Should you switch to ETFs?

April 20, 2007

Your Money

Keypoints

Sometimes a new product appears and then disappears without making a ripple-remember Betamax VCRs, wristwatch TVs, or the Macarena? Other times, the new creation has some clear advantages over existing offerings, which allow it to capture a significant segment of the market.

That may be the case with exchange-traded funds-ETFs-which comprise an ever-growing force in index fund investing. An ETF is a basket of securities that trades like a stock on an exchange, usually the American Stock Exchange. That's different from a mutual fund, where you buy and sell shares back to the issuing company. ETFs track a specific market index, such as the S&P 500, and its holdings replicate those of the selected index.

ETFs have numerous advantages over index mutual funds:

Expenses: Most ETFs have lower expenses than comparable mutual funds. The average gross expense ratio for index mutual funds is 0.76 percent; the average gross ratio for ETFs is 0.61 percent, although many, such as the Vanguard Small Cap ETF, have expenses as low as 0.10 percent. A few have even lower ratios.
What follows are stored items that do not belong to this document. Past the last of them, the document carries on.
lemma cycle_type_fixed_points_and_k_cycles:
  assumes fin: "finite \<Omega>" and maps: "\<And>x. x \<in> \<Omega> \<Longrightarrow> \<sigma> x \<in> \<Omega>"
    and period: "\<And>x. x \<in> \<Omega> \<Longrightarrow> (\<sigma> ^^ k) x = x" and k: "1 < k"
    and orbit_size: "\<And>x. x \<in> \<Omega> \<Longrightarrow> \<sigma> x \<noteq> x \<Longrightarrow> card (cyc_orbit \<sigma> x) = k"
  shows "cycle_type \<Omega> \<sigma> =
    (\<lambda>j. if j = 1 then card {x \<in> \<Omega>. \<sigma> x = x} else if j = k then card {x \<in> \<Omega>. \<sigma> x \<noteq> x} div k else 0)"
proof
  fix j
  have k0: "0 < k" using k by simp
  define F where "F = {x \<in> \<Omega>. \<sigma> x = x}"
  define R where "R = {x \<in> \<Omega>. \<sigma> x \<noteq> x}"
  have orbit_fixed: "cyc_orbit \<sigma> x = {x}" if "x \<in> F" for x
    using cyc_orbit_periodic[where k = 1 and x = x] that unfolding F_def by auto
  have orbit_in: "cyc_orbit \<sigma> x \<subseteq> \<Omega>" if "x \<in> \<Omega>" for x
  proof
    fix y assume "y \<in> cyc_orbit \<sigma> x"
    then obtain n where "y = (\<sigma> ^^ n) x" unfolding cyc_orbit_def by auto
    thus "y \<in> \<Omega>" using that maps by (induction n arbitrary: y) auto
  qed
  have orbit_R: "cyc_orbit \<sigma> x \<subseteq> R" if "x \<in> R" for x
  proof
    fix y assume y: "y \<in> cyc_orbit \<sigma> x"
    have "x \<in> \<Omega>" using that unfolding R_def by auto
    hence eq: "cyc_orbit \<sigma> y = cyc_orbit \<sigma> x" using cyc_orbit_eq_if_mem[OF period k0 y] by auto
    have "y \<notin> F" using orbit_fixed[of y] orbit_size[of x] that k eq unfolding R_def by auto
    thus "y \<in> R" using orbit_in[OF \<open>x \<in> \<Omega>\<close>] y unfolding F_def R_def by auto
  qed
  have orbits: "cyc_orbit \<sigma> ` \<Omega> = (\<lambda>x. {x}) ` F \<union> cyc_orbit \<sigma> ` R"
    using orbit_fixed unfolding F_def R_def by auto
  have ones: "{C \<in> cyc_orbit \<sigma> ` \<Omega>. card C = 1} = (\<lambda>x. {x}) ` F"
    using orbit_size k unfolding orbits R_def by auto
  have ks: "{C \<in> cyc_orbit \<sigma> ` \<Omega>. card C = k} = cyc_orbit \<sigma> ` R"
    using orbit_size k unfolding orbits R_def by auto
  have others: "{C \<in> cyc_orbit \<sigma> ` \<Omega>. card C = j} = {}" if "j \<noteq> 1" "j \<noteq> k"
    using orbit_size that unfolding orbits R_def by auto
  have "k * card (cyc_orbit \<sigma> ` R) = card (\<Union> (cyc_orbit \<sigma> ` R))"
  proof (rule card_partition)
    show "finite (cyc_orbit \<sigma> ` R)" "finite (\<Union> (cyc_orbit \<sigma> ` R))"
      using fin orbit_in unfolding R_def by (auto intro: finite_subset)
    show "card C = k" if "C \<in> cyc_orbit \<sigma> ` R" for C using that orbit_size unfolding R_def by auto
    show "C1 \<inter> C2 = {}" if C: "C1 \<in> cyc_orbit \<sigma> ` R" "C2 \<in> cyc_orbit \<sigma> ` R" "C1 \<noteq> C2" for C1 C2
    proof (rule ccontr)
      assume "C1 \<inter> C2 \<noteq> {}"
      then obtain z where "z \<in> C1" "z \<in> C2" by blast
      moreover obtain x1 x2 where "x1 \<in> \<Omega>" "C1 = cyc_orbit \<sigma> x1" "x2 \<in> \<Omega>" "C2 = cyc_orbit \<sigma> x2"
        using C(1,2) unfolding R_def by blast
      ultimately show False
        using cyc_orbit_eq_if_mem[OF period k0] C(3) by metis
    qed
  qed
  moreover have "\<Union> (cyc_orbit \<sigma> ` R) = R"
  proof -
    have "x \<in> cyc_orbit \<sigma> x" for x unfolding cyc_orbit_def by (metis (mono_tags) CollectI funpow_0)
    thus ?thesis using orbit_R by blast
  qed
  ultimately have "card (cyc_orbit \<sigma> ` R) = card R div k" using k0 by (metis nonzero_mult_div_cancel_left neq0_conv)
  moreover have "card ((\<lambda>x. {x}) ` F) = card F" by (rule card_image) (auto simp: inj_on_def)
  ultimately have "cycle_type \<Omega> \<sigma> 1 = card F" "cycle_type \<Omega> \<sigma> k = card R div k"
    unfolding cycle_type_eq_card_orbits ones ks by simp_all
  moreover have "cycle_type \<Omega> \<sigma> j = 0" if "j \<noteq> 1" "j \<noteq> k"
    unfolding cycle_type_eq_card_orbits others[OF that] by simp
  ultimately show "cycle_type \<Omega> \<sigma> j = (if j = 1 then card F else if j = k then card R div k else 0)"
    using k by auto
qed
text \<open>The differences with \<open>N - d - r < M\<close> are dropped: they either do not occur, or form a
  tail of the telescoping sum which the symmetry \<open>c d = c (S - d)\<close> turns into \<open>c r\<close>.\<close>

lemma sum_truncated_backward_differences:
  fixes c :: "nat \<Rightarrow> 'a::ab_group_add"
  assumes "2 * r \<le> N" "S + M = N"
    and symmetric: "\<And>d. d \<le> S \<Longrightarrow> c d = c (S - d)" and vanishing: "\<And>d. S < d \<Longrightarrow> c d = 0"
  shows "(\<Sum>d\<le>r. if M \<le> N - d - r then c d - (if d = 0 then 0 else c (d - 1)) else 0) = c r"
proof -
  let ?\<Delta> = "\<lambda>d. c d - (if d = 0 then 0 else c (d - 1))"
  consider "M + 2 * r \<le> N" | "M + r \<le> N" "N < M + 2 * r" | "N < M + r" by linarith
  then show ?thesis
  proof cases
    case 1
    then have "(\<Sum>d\<le>r. if M \<le> N - d - r then ?\<Delta> d else 0) = (\<Sum>d\<le>r. ?\<Delta> d)"
      by (intro sum.cong) auto
    then show ?thesis by (simp add: sum_backward_differences)
  next
    case 2
    define D where "D = N - M - r"
    have D: "D < r" "D = S - r" "r \<le> S" using 2 assms(2) unfolding D_def by auto
    have "(\<Sum>d\<le>r. if M \<le> N - d - r then ?\<Delta> d else 0) = (\<Sum>d\<le>D. ?\<Delta> d)"
      by (rule sum.mono_neutral_cong_right) (use 2 D D_def assms(1) in auto)
    then show ?thesis using symmetric[OF D(3)] D by (simp add: sum_backward_differences)
  next
    case 3
    then have "c r = 0" using assms(2) vanishing by simp
    moreover have "(\<Sum>d\<le>r. if M \<le> N - d - r then ?\<Delta> d else 0) = 0"
      using 3 assms(1) by (intro sum.neutral) auto
    ultimately show ?thesis by simp
  qed
qed
(* Let $G$ be any finite multiset of phase-free $n$-qubit Pauli strings and let $P\in\{I,X,Y,Z\}^n$ be any Pauli string. For $A\subseteq\operatorname{supp}(P)$ define $\mathcal{L}_P(A)=\{a:A\to\{X,Y,Z\}: a(j)\neq P_j\text{ for every }j\in A\}$, $D_G(A,a)=|\{Q\in G: A\subseteq\operatorname{supp}(Q)\text{ and }Q_j=a(j)\text{ for all }j\in A\}|$ (with multiplicity), and $F_G(P,A)=\sum_{a\in\mathcal{L}_P(A)}D_G(A,a)$. Let \[ Z_G(P)=\sum_{A\subseteq\operatorname{supp}(P)}(-2)^{|A|}F_G(P,A),\qquad \operatorname{anti}_G(P)=\frac{|G|-Z_G(P)}{2}. \] Then $\operatorname{anti}_G(P)$ equals the number of strings $Q\in G$ (counted with multiplicity) that anticommute with $P$, i.e. satisfy $PQ=-QP$ as $2^n\times 2^n$ matrices.
   Context: A phase-free $n$-qubit Pauli string is a word $P=(P_1,\dots,P_n)\in\{I,X,Y,Z\}^n$ with $I$ the $2\times2$ identity, $X=\begin{pmatrix}0&1\\1&0\end{pmatrix}$, $Y=\begin{pmatrix}0&-i\\ i&0\end{pmatrix}$, $Z=\begin{pmatrix}1&0\\0&-1\end{pmatrix}$; it is identified with the matrix $P_1\otimes\cdots\otimes P_n$. Its support is $\operatorname{supp}(P)=\{j: P_j\neq I\}$. $|G|$ denotes the size of the multiset $G$ counted with multiplicity. *)

theory Defs
  imports Complex_Main "HOL-Library.Multiset" "HOL-Library.FuncSet" "Jordan_Normal_Form.Matrix"
begin

datatype pauli = I | X | Y | Z

definition pauli_matrix :: "pauli \<Rightarrow> complex mat" where
  "pauli_matrix p = (case p of
      I \<Rightarrow> mat_of_rows_list 2 [[1, 0], [0, 1]]
    | X \<Rightarrow> mat_of_rows_list 2 [[0, 1], [1, 0]]
    | Y \<Rightarrow> mat_of_rows_list 2 [[0, -\<i>], [\<i>, 0]]
    | Z \<Rightarrow> mat_of_rows_list 2 [[1, 0], [0, -1]])"

definition kron :: "'a::times mat \<Rightarrow> 'a mat \<Rightarrow> 'a mat" where
  "kron A B = mat (dim_row A * dim_row B) (dim_col A * dim_col B)
     (\<lambda>(i, j). A $$ (i div dim_row B, j div dim_col B) * B $$ (i mod dim_row B, j mod dim_col B))"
Taxable distributions: Mutual funds make annual taxable distributions from any capital gains they've had that year. While index funds in general have less trading and lower capital gains than do actively managed funds, even index mutual funds sometimes distribute taxable gains during each year. However, since most ETFs are fairly new, they don't have years' worth of accrued gains that a more mature index mutual fund might carry.
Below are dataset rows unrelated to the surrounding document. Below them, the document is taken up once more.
lemma lc_eq_iff: "lc g x y = lc g' x' y' \<longleftrightarrow> g = g' \<and> x = x' \<and> y = y'"
proof
  assume "lc g x y = lc g' x' y'"
  then have "lc (g - g') (x - x') (y - y') = 0"
    using lc_diff[of g x y g' x' y'] by simp
  then show "g = g' \<and> x = x' \<and> y = y'"
    using frame_independent[of "g - g'" "x - x'" "y - y'"] unfolding lc_def by simp
qed simp

lemma unit_nonzero: "e \<noteq> 0"
  using frame_independent[of 1 0 0] by auto

lemma scalars_lc: "scalars sc e = range (\<lambda>k. lc k 0 0)"
  by (simp add: scalars_def lc_unit)

lemma m_lc_left: "m (lc g x y) z = sc g z + sc x (m u z) + sc y (m v z)"
  by (simp add: lc_def m_simps)

lemma m_lc_right: "m z (lc g x y) = sc g z + sc x (m z u) + sc y (m z v)"
  by (simp add: lc_def m_simps)

lemma m_lc:
  assumes uu: "m u u = lc a\<^sub>1 a\<^sub>2 a\<^sub>3" and uv: "m u v = lc b\<^sub>1 b\<^sub>2 b\<^sub>3"
    and vu: "m v u = lc c\<^sub>1 c\<^sub>2 c\<^sub>3" and vv: "m v v = lc d\<^sub>1 d\<^sub>2 d\<^sub>3"
  shows "m (lc g x y) (lc g' x' y') =
    lc (g*g' + x*x'*a\<^sub>1 + x*y'*b\<^sub>1 + y*x'*c\<^sub>1 + y*y'*d\<^sub>1)
       (g*x' + x*g' + x*x'*a\<^sub>2 + x*y'*b\<^sub>2 + y*x'*c\<^sub>2 + y*y'*d\<^sub>2)
       (g*y' + y*g' + x*x'*a\<^sub>3 + x*y'*b\<^sub>3 + y*x'*c\<^sub>3 + y*y'*d\<^sub>3)"
proof -
  have mu: "m u (lc g' x' y') = lc (x'*a\<^sub>1 + y'*b\<^sub>1) (g' + x'*a\<^sub>2 + y'*b\<^sub>2) (x'*a\<^sub>3 + y'*b\<^sub>3)"
    unfolding m_lc_right uu uv using lc_u
    by (metis (no_types, lifting) lc_add lc_scale add_0 mult_1_right mult_zero_right)
  have mv: "m v (lc g' x' y') = lc (x'*c\<^sub>1 + y'*d\<^sub>1) (x'*c\<^sub>2 + y'*d\<^sub>2) (g' + x'*c\<^sub>3 + y'*d\<^sub>3)"
    unfolding m_lc_right vu vv using lc_v
    by (metis (no_types, lifting) lc_add lc_scale add_0 mult_1_right mult_zero_right add.commute)
  show ?thesis
    unfolding m_lc_left mu mv lc_scale lc_add by (simp add: lc_eq_iff algebra_simps)
qed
Opportunity to sell or buy throughout the day: Mutual funds are priced at the end of the day, after the market closes. So no matter when during the day you place your order, you'll get the closing price. In contrast, the price of an ETF-like that of a stock-varies throughout the day. So when you place your order, you'll generally get pretty close to the going price at that moment. With an ETF, you can also place a stop-loss order to automatically trigger a sale if the price drops to what you've listed, or a limit order, to buy or sell a set number of shares at a specified price or better. It's like a stock in that respect, too.
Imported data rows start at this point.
(* Let $0<\alpha<\infty$, $0<\beta<\infty$, $u\in H(\mathbb{D})$, $\varphi\in S(\mathbb{D})$, and suppose $uC_\varphi$ is a bounded operator from $\mathcal{B}^\alpha$ into $\mathcal{Z}_\beta$. Then $$\|uC_\varphi\|_{e,\tilde{\mathcal{B}}^\alpha\to\mathcal{Z}_\beta}=\|uC_\varphi\|_{e,\mathcal{B}^\alpha\to\mathcal{Z}_\beta}.$$
   Context: $\mathbb{D}$ is the open unit disk, $H(\mathbb{D})$ the holomorphic functions on $\mathbb{D}$, $S(\mathbb{D})$ the holomorphic self-maps of $\mathbb{D}$; $uC_\varphi f(z)=u(z)f(\varphi(z))$. $\mathcal{B}^\alpha$ is the space of $f\in H(\mathbb{D})$ with $\sup_z(1-|z|^2)^\alpha|f'(z)|<\infty$, normed by $|f(0)|+\sup_z(1-|z|^2)^\alpha|f'(z)|$; $\tilde{\mathcal{B}}^\alpha=\{f\in\mathcal{B}^\alpha: f(0)=0\}$ with the same norm. $\mathcal{Z}_\beta$ is the space of $f\in H(\mathbb{D})$ with $\sup_z(1-|z|^2)^\beta|f''(z)|<\infty$, normed by $|f(0)|+|f'(0)|+\sup_z(1-|z|^2)^\beta|f''(z)|$. For a bounded operator $T:X\to Y$ between Banach spaces, the essential norm is $\|T\|_{e,X\to Y}=\inf\{\|T-K\|: K:X\to Y \text{ compact}\}$; here $\|uC_\varphi\|_{e,\tilde{\mathcal{B}}^\alpha\to\mathcal{Z}_\beta}$ refers to the restriction of $uC_\varphi$ to $\tilde{\mathcal{B}}^\alpha$. *)

theory Defs
  imports "HOL-Complex_Analysis.Complex_Analysis"
begin

type_synonym cfun = "complex \<Rightarrow> complex"

definition disk :: "complex set" where "disk = ball 0 1"

definition bloch_space :: "real \<Rightarrow> cfun set" where
  "bloch_space a = {f. f holomorphic_on disk \<and>
     bdd_above ((\<lambda>z. (1 - (cmod z)^2) powr a * cmod (deriv f z)) ` disk)}"

definition bloch_norm :: "real \<Rightarrow> cfun \<Rightarrow> real" where
  "bloch_norm a f = cmod (f 0) +
     (SUP z\<in>disk. (1 - (cmod z)^2) powr a * cmod (deriv f z))"

definition bloch0_space :: "real \<Rightarrow> cfun set" where
  "bloch0_space a = {f \<in> bloch_space a. f 0 = 0}"

definition zyg_space :: "real \<Rightarrow> cfun set" where
  "zyg_space b = {f. f holomorphic_on disk \<and>
     bdd_above ((\<lambda>z. (1 - (cmod z)^2) powr b * cmod (deriv (deriv f) z)) ` disk)}"

definition zyg_norm :: "real \<Rightarrow> cfun \<Rightarrow> real" where
  "zyg_norm b f = cmod (f 0) + cmod (deriv f 0) +
     (SUP z\<in>disk. (1 - (cmod z)^2) powr b * cmod (deriv (deriv f) z))"

definition wcomp :: "cfun \<Rightarrow> cfun \<Rightarrow> cfun \<Rightarrow> cfun" where
  "wcomp u \<phi> f = (\<lambda>z. u z * f (\<phi> z))"

definition linear_on :: "cfun set \<Rightarrow> (cfun \<Rightarrow> cfun) \<Rightarrow> bool" where
  "linear_on X T \<longleftrightarrow> (\<forall>f\<in>X. \<forall>g\<in>X. T (\<lambda>z. f z + g z) = (\<lambda>z. T f z + T g z)) \<and>
                      (\<forall>c. \<forall>f\<in>X. T (\<lambda>z. c * f z) = (\<lambda>z. c * T f z))"

definition bounded_op :: "cfun set \<Rightarrow> (cfun \<Rightarrow> real) \<Rightarrow> cfun set \<Rightarrow> (cfun \<Rightarrow> real)
    \<Rightarrow> (cfun \<Rightarrow> cfun) \<Rightarrow> bool" where
  "bounded_op X nX Y nY T \<longleftrightarrow> linear_on X T \<and> (\<forall>f\<in>X. T f \<in> Y) \<and>
      (\<exists>C. \<forall>f\<in>X. nY (T f) \<le> C * nX f)"

definition op_norm :: "cfun set \<Rightarrow> (cfun \<Rightarrow> real) \<Rightarrow> (cfun \<Rightarrow> real)
    \<Rightarrow> (cfun \<Rightarrow> cfun) \<Rightarrow> real" where
  "op_norm X nX nY T = Sup {nY (T f) | f. f \<in> X \<and> nX f \<le> 1}"

definition compact_op :: "cfun set \<Rightarrow> (cfun \<Rightarrow> real) \<Rightarrow> cfun set \<Rightarrow> (cfun \<Rightarrow> real)
    \<Rightarrow> (cfun \<Rightarrow> cfun) \<Rightarrow> bool" where
  "compact_op X nX Y nY K \<longleftrightarrow> linear_on X K \<and> (\<forall>f\<in>X. K f \<in> Y) \<and>
     (\<forall>s::nat \<Rightarrow> cfun. (\<forall>n. s n \<in> X) \<longrightarrow> bdd_above (range (\<lambda>n. nX (s n))) \<longrightarrow>
        (\<exists>r g. strict_mono r \<and> g \<in> Y \<and>
               (\<lambda>n. nY (\<lambda>z. K (s (r n)) z - g z)) \<longlonglongrightarrow> 0))"

definition ess_norm :: "cfun set \<Rightarrow> (cfun \<Rightarrow> real) \<Rightarrow> cfun set \<Rightarrow> (cfun \<Rightarrow> real)
    \<Rightarrow> (cfun \<Rightarrow> cfun) \<Rightarrow> real" where
  "ess_norm X nX Y nY T =
     Inf {op_norm X nX nY (\<lambda>f z. T f z - K f z) | K. compact_op X nX Y nY K}"

end

theory Submission imports Defs begin

text \<open>
  Restricting a compact operator \<open>K\<close> on \<open>\<B>\<^sup>\<alpha>\<close> to the subspace of functions vanishing at
  \<open>0\<close> cannot increase \<open>\<parallel>T - K\<parallel>\<close>. Conversely, a compact \<open>K\<^sub>0\<close> on that subspace extends to the
  compact operator \<open>K f = K\<^sub>0 (f - f(0)) + f(0) T1\<close> on all of \<open>\<B>\<^sup>\<alpha>\<close> (a compact operator plus a
  rank-one one), and then \<open>(T - K) f = (T - K\<^sub>0) (f - f(0))\<close> with
  \<open>\<parallel>f - f(0)\<parallel> \<le> \<parallel>f\<parallel>\<close>, so \<open>\<parallel>T - K\<parallel> \<le> \<parallel>T - K\<^sub>0\<parallel>\<close>. Taking infima gives equality of the
  essential norms for every bounded operator \<open>T\<close>; only this is used of \<open>uC\<^sub>\<phi>\<close>.
\<close>

lemma open_disk: "open disk" and zero_in_disk: "0 \<in> disk"
  by (auto simp: disk_def)

lemma linear_on_zero:
  assumes "linear_on X T" and "(\<lambda>z. 0) \<in> X"
  shows "T (\<lambda>z. 0) = (\<lambda>z. 0)"
  using assms(1)[unfolded linear_on_def, THEN conjunct2, rule_format, OF assms(2), of 0] by simp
Unique choices: Remember the days before cable TV, when there were about six channels available? Now broadband and satellite offer hundreds of channels, some targeting very specific niches. That's similar to the ETF phenomenon. For example, iShares, which are ETFs put out by Barclays Global Investors, pinpoint sectors or markets such as Malaysia and other specialized choices. While there are also niche mutual funds, ETFs are even more focused.

Still, most investors choose ETFs that mirror the S&P 500. Investors currently have put over $58 billion in assets in an ETF called SPDR Trust Series 1-Standard and Poor's Depositary Receipts-which tracks the S&P 500. It's currently the largest ETF, based on net asset size.